Work instruction »
Without changing a single character, write out every record below.

Data records »
---
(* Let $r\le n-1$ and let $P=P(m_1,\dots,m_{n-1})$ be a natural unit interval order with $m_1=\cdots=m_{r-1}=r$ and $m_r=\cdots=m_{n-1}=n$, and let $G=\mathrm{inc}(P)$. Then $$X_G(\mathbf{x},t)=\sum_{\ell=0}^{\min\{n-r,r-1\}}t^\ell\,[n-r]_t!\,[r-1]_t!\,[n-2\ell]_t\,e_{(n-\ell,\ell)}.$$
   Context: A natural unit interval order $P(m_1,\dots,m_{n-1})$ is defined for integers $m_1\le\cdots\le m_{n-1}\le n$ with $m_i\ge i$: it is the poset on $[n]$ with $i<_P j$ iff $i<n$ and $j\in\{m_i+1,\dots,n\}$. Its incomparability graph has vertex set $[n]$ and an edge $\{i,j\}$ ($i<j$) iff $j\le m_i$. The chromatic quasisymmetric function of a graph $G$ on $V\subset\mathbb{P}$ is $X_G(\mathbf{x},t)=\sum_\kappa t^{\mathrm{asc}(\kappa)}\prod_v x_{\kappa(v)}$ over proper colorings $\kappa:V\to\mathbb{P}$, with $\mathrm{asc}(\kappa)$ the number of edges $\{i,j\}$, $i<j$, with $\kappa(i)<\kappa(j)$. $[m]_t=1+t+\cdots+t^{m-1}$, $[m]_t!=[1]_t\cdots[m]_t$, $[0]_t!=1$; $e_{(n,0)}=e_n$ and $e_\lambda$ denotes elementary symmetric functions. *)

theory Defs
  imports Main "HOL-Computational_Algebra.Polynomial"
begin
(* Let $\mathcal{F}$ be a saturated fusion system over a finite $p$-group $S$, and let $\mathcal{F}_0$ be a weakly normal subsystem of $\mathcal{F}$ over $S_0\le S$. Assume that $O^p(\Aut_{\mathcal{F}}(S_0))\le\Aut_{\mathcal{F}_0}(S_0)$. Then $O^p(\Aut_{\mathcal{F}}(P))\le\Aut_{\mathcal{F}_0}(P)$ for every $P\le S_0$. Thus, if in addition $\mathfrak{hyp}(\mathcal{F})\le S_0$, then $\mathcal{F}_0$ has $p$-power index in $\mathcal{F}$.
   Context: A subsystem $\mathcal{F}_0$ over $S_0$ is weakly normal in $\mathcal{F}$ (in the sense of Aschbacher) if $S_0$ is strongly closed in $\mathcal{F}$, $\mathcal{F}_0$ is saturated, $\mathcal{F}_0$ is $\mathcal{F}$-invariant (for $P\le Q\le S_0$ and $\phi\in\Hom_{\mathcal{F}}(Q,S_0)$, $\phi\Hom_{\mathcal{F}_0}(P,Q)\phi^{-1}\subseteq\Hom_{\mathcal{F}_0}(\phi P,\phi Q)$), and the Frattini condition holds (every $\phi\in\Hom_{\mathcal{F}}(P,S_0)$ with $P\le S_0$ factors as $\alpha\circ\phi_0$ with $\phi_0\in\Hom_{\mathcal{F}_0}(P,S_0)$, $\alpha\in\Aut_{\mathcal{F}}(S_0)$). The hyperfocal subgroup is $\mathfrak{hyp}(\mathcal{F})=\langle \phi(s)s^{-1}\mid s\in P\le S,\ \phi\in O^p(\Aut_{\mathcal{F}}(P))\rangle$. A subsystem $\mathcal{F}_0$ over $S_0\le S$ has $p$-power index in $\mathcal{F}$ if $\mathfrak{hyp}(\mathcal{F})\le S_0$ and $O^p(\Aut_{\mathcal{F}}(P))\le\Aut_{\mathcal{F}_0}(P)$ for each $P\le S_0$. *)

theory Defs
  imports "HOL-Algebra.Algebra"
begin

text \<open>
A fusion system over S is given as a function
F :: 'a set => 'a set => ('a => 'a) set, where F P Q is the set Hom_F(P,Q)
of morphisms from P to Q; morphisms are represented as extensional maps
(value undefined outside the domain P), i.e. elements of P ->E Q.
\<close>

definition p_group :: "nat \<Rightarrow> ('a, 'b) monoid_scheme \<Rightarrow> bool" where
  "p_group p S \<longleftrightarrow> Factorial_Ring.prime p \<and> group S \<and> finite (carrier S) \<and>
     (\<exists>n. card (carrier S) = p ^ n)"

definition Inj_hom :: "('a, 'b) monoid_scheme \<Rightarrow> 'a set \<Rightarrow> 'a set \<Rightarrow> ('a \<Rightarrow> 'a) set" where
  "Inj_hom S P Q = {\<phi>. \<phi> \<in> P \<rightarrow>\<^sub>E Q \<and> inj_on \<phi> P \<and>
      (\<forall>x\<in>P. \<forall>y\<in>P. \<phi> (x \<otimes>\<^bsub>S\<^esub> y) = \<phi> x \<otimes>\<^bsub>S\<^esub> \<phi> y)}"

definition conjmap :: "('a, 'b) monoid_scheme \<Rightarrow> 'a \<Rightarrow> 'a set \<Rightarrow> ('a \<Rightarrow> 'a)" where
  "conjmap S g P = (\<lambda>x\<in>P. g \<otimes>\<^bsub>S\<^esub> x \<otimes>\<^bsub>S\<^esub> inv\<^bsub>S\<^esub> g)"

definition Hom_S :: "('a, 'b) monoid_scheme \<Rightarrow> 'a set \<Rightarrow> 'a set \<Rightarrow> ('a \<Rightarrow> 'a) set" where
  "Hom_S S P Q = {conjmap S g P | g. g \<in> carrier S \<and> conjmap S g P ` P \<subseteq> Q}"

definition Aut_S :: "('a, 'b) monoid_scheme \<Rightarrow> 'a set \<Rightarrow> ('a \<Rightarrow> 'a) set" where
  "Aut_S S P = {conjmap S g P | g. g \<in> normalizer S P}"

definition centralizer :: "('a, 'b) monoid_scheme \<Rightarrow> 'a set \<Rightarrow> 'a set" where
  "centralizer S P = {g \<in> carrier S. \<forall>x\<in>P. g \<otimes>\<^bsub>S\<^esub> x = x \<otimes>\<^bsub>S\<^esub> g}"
---
Output of the task »
(* Let $r\le n-1$ and let $P=P(m_1,\dots,m_{n-1})$ be a natural unit interval order with $m_1=\cdots=m_{r-1}=r$ and $m_r=\cdots=m_{n-1}=n$, and let $G=\mathrm{inc}(P)$. Then $$X_G(\mathbf{x},t)=\sum_{\ell=0}^{\min\{n-r,r-1\}}t^\ell\,[n-r]_t!\,[r-1]_t!\,[n-2\ell]_t\,e_{(n-\ell,\ell)}.$$
   Context: A natural unit interval order $P(m_1,\dots,m_{n-1})$ is defined for integers $m_1\le\cdots\le m_{n-1}\le n$ with $m_i\ge i$: it is the poset on $[n]$ with $i<_P j$ iff $i<n$ and $j\in\{m_i+1,\dots,n\}$. Its incomparability graph has vertex set $[n]$ and an edge $\{i,j\}$ ($i<j$) iff $j\le m_i$. The chromatic quasisymmetric function of a graph $G$ on $V\subset\mathbb{P}$ is $X_G(\mathbf{x},t)=\sum_\kappa t^{\mathrm{asc}(\kappa)}\prod_v x_{\kappa(v)}$ over proper colorings $\kappa:V\to\mathbb{P}$, with $\mathrm{asc}(\kappa)$ the number of edges $\{i,j\}$, $i<j$, with $\kappa(i)<\kappa(j)$. $[m]_t=1+t+\cdots+t^{m-1}$, $[m]_t!=[1]_t\cdots[m]_t$, $[0]_t!=1$; $e_{(n,0)}=e_n$ and $e_\lambda$ denotes elementary symmetric functions. *)

theory Defs
  imports Main "HOL-Computational_Algebra.Polynomial"
begin
(* Let $\mathcal{F}$ be a saturated fusion system over a finite $p$-group $S$, and let $\mathcal{F}_0$ be a weakly normal subsystem of $\mathcal{F}$ over $S_0\le S$. Assume that $O^p(\Aut_{\mathcal{F}}(S_0))\le\Aut_{\mathcal{F}_0}(S_0)$. Then $O^p(\Aut_{\mathcal{F}}(P))\le\Aut_{\mathcal{F}_0}(P)$ for every $P\le S_0$. Thus, if in addition $\mathfrak{hyp}(\mathcal{F})\le S_0$, then $\mathcal{F}_0$ has $p$-power index in $\mathcal{F}$.
   Context: A subsystem $\mathcal{F}_0$ over $S_0$ is weakly normal in $\mathcal{F}$ (in the sense of Aschbacher) if $S_0$ is strongly closed in $\mathcal{F}$, $\mathcal{F}_0$ is saturated, $\mathcal{F}_0$ is $\mathcal{F}$-invariant (for $P\le Q\le S_0$ and $\phi\in\Hom_{\mathcal{F}}(Q,S_0)$, $\phi\Hom_{\mathcal{F}_0}(P,Q)\phi^{-1}\subseteq\Hom_{\mathcal{F}_0}(\phi P,\phi Q)$), and the Frattini condition holds (every $\phi\in\Hom_{\mathcal{F}}(P,S_0)$ with $P\le S_0$ factors as $\alpha\circ\phi_0$ with $\phi_0\in\Hom_{\mathcal{F}_0}(P,S_0)$, $\alpha\in\Aut_{\mathcal{F}}(S_0)$). The hyperfocal subgroup is $\mathfrak{hyp}(\mathcal{F})=\langle \phi(s)s^{-1}\mid s\in P\le S,\ \phi\in O^p(\Aut_{\mathcal{F}}(P))\rangle$. A subsystem $\mathcal{F}_0$ over $S_0\le S$ has $p$-power index in $\mathcal{F}$ if $\mathfrak{hyp}(\mathcal{F})\le S_0$ and $O^p(\Aut_{\mathcal{F}}(P))\le\Aut_{\mathcal{F}_0}(P)$ for each $P\le S_0$. *)

theory Defs
  imports "HOL-Algebra.Algebra"
begin

text \<open>
A fusion system over S is given as a function
F :: 'a set => 'a set => ('a => 'a) set, where F P Q is the set Hom_F(P,Q)
of morphisms from P to Q; morphisms are represented as extensional maps
(value undefined outside the domain P), i.e. elements of P ->E Q.
\<close>

definition p_group :: "nat \<Rightarrow> ('a, 'b) monoid_scheme \<Rightarrow> bool" where
  "p_group p S \<longleftrightarrow> Factorial_Ring.prime p \<and> group S \<and> finite (carrier S) \<and>
     (\<exists>n. card (carrier S) = p ^ n)"

definition Inj_hom :: "('a, 'b) monoid_scheme \<Rightarrow> 'a set \<Rightarrow> 'a set \<Rightarrow> ('a \<Rightarrow> 'a) set" where
  "Inj_hom S P Q = {\<phi>. \<phi> \<in> P \<rightarrow>\<^sub>E Q \<and> inj_on \<phi> P \<and>
      (\<forall>x\<in>P. \<forall>y\<in>P. \<phi> (x \<otimes>\<^bsub>S\<^esub> y) = \<phi> x \<otimes>\<^bsub>S\<^esub> \<phi> y)}"

definition conjmap :: "('a, 'b) monoid_scheme \<Rightarrow> 'a \<Rightarrow> 'a set \<Rightarrow> ('a \<Rightarrow> 'a)" where
  "conjmap S g P = (\<lambda>x\<in>P. g \<otimes>\<^bsub>S\<^esub> x \<otimes>\<^bsub>S\<^esub> inv\<^bsub>S\<^esub> g)"

definition Hom_S :: "('a, 'b) monoid_scheme \<Rightarrow> 'a set \<Rightarrow> 'a set \<Rightarrow> ('a \<Rightarrow> 'a) set" where
  "Hom_S S P Q = {conjmap S g P | g. g \<in> carrier S \<and> conjmap S g P ` P \<subseteq> Q}"

definition Aut_S :: "('a, 'b) monoid_scheme \<Rightarrow> 'a set \<Rightarrow> ('a \<Rightarrow> 'a) set" where
  "Aut_S S P = {conjmap S g P | g. g \<in> normalizer S P}"

definition centralizer :: "('a, 'b) monoid_scheme \<Rightarrow> 'a set \<Rightarrow> 'a set" where
  "centralizer S P = {g \<in> carrier S. \<forall>x\<in>P. g \<otimes>\<^bsub>S\<^esub> x = x \<otimes>\<^bsub>S\<^esub> g}"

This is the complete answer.